__WHAT IS NEEDED__. Only one number is wanted here: how many lines of the data hold "unfolding".

__DATA FOR REVIEW__.
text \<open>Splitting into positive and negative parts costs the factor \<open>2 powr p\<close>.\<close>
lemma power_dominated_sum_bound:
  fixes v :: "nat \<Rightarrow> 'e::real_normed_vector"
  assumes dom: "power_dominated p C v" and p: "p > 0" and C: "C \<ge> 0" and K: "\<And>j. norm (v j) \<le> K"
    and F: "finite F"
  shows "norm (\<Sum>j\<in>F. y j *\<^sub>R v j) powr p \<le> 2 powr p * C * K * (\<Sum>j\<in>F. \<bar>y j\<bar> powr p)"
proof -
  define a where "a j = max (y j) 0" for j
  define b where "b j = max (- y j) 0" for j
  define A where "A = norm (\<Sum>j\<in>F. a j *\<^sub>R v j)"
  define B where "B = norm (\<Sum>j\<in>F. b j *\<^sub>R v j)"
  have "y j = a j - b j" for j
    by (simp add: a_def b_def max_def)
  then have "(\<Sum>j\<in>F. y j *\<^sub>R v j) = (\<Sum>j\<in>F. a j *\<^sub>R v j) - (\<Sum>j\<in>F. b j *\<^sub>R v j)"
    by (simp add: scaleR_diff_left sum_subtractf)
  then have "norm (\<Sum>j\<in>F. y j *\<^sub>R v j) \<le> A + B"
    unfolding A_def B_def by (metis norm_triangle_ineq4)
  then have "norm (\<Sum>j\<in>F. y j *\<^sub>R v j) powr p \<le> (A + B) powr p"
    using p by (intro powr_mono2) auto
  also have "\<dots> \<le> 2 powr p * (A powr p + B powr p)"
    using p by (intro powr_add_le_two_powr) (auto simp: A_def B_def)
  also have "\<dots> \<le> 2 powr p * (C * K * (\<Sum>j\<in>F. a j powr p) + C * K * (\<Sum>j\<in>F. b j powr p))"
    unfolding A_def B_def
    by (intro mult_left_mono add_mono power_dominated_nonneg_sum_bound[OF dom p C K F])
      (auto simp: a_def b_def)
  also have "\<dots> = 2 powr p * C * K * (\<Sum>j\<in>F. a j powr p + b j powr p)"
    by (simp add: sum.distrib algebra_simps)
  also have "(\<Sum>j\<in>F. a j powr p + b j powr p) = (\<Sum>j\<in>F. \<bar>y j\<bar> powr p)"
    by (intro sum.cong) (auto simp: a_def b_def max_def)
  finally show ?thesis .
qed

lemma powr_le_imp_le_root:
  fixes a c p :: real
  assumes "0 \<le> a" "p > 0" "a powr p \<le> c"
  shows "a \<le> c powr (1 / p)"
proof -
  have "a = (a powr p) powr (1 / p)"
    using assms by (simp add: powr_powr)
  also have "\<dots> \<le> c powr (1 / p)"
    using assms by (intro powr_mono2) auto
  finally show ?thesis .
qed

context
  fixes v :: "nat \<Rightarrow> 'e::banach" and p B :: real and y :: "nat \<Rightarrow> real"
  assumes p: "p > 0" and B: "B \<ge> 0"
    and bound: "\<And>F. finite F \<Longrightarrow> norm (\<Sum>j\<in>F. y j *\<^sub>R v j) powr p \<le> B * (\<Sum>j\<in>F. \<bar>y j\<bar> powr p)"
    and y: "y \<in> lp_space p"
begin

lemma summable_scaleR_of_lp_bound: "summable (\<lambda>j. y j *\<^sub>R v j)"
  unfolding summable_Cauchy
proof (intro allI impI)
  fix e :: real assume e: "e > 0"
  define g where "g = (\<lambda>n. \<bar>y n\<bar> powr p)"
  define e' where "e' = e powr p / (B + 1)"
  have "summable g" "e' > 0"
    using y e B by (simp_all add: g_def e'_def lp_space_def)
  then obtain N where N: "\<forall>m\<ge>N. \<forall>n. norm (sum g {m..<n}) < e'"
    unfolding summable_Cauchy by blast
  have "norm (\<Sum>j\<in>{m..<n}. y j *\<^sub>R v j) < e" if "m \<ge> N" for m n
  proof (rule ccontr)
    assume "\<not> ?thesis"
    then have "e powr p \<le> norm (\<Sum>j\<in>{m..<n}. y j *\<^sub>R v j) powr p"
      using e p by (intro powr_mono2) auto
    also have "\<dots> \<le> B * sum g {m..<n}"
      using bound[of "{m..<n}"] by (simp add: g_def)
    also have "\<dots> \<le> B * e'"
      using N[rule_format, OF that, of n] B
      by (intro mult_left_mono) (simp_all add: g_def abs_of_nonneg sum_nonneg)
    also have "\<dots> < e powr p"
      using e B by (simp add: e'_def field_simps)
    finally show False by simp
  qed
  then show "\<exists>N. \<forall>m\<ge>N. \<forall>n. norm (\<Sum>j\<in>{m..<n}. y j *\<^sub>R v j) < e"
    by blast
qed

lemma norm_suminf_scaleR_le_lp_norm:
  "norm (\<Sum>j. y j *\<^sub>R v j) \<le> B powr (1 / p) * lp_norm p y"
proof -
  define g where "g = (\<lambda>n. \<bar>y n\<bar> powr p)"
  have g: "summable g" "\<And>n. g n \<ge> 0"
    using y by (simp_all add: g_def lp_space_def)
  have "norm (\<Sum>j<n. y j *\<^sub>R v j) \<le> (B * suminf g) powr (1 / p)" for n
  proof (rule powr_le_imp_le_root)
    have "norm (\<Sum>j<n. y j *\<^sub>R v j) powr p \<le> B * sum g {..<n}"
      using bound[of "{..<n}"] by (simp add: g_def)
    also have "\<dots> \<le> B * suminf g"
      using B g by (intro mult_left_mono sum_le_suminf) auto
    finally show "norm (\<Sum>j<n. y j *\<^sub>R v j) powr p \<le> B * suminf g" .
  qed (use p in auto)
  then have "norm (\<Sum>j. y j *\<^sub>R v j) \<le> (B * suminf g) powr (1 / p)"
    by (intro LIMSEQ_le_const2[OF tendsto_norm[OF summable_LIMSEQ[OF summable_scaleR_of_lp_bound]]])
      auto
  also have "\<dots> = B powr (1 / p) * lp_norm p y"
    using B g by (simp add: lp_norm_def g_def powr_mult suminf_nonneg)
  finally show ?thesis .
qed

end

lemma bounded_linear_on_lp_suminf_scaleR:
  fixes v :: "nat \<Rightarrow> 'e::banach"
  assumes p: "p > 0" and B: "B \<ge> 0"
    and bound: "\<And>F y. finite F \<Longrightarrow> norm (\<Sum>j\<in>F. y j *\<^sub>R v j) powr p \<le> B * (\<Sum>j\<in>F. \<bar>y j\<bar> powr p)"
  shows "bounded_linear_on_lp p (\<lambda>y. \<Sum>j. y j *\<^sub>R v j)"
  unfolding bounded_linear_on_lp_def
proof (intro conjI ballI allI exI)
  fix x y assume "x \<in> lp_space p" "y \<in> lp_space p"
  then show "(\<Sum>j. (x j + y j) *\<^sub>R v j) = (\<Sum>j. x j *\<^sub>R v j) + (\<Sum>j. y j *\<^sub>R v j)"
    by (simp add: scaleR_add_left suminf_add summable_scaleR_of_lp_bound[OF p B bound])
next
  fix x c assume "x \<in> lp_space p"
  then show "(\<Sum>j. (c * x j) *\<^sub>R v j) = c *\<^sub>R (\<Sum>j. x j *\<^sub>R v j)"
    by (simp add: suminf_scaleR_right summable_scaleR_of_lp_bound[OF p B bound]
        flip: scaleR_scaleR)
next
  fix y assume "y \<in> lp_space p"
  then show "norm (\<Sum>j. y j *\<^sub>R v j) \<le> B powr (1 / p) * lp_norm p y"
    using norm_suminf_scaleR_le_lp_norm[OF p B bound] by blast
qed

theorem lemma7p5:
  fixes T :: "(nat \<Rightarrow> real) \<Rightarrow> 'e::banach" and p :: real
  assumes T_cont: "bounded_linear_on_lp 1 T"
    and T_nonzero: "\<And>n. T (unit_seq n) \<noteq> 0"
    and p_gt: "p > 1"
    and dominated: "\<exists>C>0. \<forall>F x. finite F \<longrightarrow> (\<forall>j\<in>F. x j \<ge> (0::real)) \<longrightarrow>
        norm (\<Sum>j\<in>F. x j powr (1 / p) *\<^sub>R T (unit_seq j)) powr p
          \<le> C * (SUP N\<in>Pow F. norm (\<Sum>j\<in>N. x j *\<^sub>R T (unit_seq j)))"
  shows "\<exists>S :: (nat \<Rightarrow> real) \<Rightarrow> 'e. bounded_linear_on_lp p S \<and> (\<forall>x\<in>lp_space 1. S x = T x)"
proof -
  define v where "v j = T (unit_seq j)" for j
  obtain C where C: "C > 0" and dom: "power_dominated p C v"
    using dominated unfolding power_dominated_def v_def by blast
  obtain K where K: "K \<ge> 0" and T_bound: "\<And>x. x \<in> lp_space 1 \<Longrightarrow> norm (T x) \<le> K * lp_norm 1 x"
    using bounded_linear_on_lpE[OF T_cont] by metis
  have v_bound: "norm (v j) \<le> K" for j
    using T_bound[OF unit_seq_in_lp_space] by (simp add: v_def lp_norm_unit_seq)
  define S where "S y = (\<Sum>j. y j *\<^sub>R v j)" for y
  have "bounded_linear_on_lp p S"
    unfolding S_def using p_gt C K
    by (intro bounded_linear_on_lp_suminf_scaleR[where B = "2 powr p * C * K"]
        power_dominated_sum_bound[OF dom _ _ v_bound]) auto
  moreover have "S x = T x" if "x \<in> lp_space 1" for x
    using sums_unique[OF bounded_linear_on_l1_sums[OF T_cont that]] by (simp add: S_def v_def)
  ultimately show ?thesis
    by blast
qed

__EXERCISE RESULT__. 7